*Task goal*: Give the number of lines in the data below where the word "noteq" appears, and nothing besides.

*** Opening Task material ***

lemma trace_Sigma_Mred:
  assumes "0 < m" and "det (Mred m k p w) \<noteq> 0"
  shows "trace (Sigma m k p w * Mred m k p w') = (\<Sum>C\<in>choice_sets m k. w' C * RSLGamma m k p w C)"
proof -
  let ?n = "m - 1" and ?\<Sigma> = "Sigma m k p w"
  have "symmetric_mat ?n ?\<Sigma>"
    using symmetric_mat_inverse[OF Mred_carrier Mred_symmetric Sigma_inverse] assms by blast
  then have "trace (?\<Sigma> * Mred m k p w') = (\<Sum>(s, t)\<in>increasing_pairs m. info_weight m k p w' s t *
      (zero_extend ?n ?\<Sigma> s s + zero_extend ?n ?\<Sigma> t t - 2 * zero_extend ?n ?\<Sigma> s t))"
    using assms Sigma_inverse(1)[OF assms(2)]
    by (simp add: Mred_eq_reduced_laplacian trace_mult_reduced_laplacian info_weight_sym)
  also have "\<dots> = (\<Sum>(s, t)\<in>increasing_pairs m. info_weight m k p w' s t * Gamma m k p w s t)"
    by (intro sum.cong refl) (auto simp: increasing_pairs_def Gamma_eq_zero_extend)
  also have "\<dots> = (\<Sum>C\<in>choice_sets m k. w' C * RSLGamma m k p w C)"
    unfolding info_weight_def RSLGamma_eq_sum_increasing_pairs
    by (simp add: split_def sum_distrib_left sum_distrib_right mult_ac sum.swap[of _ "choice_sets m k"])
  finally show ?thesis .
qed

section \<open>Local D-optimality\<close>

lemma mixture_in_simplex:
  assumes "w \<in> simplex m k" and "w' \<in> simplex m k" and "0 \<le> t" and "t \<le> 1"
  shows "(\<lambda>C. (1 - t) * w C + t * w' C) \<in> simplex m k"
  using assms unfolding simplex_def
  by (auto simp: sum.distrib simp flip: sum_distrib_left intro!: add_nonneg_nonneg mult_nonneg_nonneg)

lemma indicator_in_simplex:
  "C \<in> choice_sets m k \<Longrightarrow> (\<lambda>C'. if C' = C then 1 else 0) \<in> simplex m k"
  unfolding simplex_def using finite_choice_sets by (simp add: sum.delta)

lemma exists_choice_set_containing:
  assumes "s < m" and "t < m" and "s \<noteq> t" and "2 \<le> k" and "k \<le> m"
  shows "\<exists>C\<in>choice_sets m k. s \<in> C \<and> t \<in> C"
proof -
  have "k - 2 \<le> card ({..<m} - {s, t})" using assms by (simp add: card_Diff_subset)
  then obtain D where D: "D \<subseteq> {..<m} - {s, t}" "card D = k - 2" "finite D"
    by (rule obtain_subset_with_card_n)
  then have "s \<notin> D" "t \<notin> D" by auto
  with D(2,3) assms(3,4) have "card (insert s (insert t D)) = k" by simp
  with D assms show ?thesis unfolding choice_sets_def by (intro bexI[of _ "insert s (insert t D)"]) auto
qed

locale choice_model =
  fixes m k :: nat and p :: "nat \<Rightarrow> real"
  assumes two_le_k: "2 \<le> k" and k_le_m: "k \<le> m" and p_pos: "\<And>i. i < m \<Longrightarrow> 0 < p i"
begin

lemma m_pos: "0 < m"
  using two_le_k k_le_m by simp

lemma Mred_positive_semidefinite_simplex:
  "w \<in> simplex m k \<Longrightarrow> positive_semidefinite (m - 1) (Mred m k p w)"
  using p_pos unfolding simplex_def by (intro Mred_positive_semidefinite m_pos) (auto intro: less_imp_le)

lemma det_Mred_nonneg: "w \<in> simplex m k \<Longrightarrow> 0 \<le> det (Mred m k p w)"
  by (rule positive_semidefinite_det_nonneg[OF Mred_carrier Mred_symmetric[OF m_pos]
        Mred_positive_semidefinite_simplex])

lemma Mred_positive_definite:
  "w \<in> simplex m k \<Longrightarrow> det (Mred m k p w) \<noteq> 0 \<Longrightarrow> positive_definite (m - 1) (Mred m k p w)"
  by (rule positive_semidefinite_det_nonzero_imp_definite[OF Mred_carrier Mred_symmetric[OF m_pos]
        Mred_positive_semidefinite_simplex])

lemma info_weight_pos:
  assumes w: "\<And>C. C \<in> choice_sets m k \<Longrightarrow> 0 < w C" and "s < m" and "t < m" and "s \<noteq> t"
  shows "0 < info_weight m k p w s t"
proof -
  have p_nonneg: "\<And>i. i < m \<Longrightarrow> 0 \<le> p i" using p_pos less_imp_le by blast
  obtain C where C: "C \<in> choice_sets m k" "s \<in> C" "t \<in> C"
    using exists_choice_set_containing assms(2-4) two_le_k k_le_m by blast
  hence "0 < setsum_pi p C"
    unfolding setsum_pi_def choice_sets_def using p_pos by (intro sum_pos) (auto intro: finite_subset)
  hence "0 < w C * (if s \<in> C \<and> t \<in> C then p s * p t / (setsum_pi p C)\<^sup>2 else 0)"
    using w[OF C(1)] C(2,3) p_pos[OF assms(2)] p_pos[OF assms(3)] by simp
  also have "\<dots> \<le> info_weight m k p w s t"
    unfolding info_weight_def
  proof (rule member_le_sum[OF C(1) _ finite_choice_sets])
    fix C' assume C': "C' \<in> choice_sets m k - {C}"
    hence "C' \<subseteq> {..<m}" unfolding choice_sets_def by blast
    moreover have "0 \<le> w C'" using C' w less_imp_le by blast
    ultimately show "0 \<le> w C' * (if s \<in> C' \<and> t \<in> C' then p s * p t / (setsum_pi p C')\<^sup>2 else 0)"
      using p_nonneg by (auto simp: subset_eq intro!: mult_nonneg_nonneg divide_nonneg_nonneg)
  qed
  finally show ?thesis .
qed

*** Closing Task material ***
*** Opening Task material ***

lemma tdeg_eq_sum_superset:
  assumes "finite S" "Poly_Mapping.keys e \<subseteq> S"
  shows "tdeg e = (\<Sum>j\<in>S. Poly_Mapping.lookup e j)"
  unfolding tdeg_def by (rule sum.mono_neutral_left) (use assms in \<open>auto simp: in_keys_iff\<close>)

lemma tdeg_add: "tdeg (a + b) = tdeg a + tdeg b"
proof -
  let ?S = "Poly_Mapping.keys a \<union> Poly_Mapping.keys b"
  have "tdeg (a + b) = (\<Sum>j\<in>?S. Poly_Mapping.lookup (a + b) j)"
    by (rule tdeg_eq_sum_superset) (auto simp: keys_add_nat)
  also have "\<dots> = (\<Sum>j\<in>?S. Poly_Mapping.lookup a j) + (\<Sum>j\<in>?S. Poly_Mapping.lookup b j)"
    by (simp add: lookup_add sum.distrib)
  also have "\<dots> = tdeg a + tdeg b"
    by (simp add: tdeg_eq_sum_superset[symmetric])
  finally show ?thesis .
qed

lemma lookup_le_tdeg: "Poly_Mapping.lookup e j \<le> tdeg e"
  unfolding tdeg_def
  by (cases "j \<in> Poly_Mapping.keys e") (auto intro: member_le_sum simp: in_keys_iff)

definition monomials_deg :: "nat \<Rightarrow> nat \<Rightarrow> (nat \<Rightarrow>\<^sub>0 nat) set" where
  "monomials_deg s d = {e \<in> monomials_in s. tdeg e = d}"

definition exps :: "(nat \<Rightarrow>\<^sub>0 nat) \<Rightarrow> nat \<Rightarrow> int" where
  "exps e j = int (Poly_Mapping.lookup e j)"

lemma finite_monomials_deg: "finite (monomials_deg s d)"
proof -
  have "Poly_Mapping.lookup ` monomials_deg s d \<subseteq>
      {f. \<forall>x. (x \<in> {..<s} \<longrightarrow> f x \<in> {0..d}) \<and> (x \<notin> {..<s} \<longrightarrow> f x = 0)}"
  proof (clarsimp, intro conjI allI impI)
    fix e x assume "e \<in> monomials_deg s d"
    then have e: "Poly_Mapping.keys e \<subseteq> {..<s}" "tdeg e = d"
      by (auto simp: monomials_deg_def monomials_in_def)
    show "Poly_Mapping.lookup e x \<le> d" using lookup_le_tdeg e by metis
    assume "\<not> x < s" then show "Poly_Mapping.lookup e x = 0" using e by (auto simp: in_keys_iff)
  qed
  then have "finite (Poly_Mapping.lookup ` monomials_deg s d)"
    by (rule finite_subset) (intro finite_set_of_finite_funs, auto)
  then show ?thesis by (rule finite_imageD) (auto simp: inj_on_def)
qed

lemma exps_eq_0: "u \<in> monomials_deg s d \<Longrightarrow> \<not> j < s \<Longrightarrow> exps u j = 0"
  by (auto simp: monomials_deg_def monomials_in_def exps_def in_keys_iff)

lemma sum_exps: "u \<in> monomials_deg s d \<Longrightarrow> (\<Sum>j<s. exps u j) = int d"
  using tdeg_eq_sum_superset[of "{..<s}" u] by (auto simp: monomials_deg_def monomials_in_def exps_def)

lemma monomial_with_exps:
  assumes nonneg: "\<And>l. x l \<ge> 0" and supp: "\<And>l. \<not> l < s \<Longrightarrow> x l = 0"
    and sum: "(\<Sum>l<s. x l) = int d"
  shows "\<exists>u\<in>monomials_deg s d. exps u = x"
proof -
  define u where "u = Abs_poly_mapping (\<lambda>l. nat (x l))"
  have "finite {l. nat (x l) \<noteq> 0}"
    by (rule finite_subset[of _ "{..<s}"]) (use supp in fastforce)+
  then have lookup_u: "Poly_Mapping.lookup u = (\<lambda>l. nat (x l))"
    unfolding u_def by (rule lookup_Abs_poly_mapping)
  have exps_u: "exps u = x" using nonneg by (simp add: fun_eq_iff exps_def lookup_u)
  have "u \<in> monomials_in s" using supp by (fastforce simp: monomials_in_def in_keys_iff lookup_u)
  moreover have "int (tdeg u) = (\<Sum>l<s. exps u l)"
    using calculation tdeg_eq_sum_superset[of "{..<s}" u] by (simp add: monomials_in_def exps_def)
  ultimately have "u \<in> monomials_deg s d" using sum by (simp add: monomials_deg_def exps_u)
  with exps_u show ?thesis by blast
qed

*** Closing Task material ***

*Expected output*: 5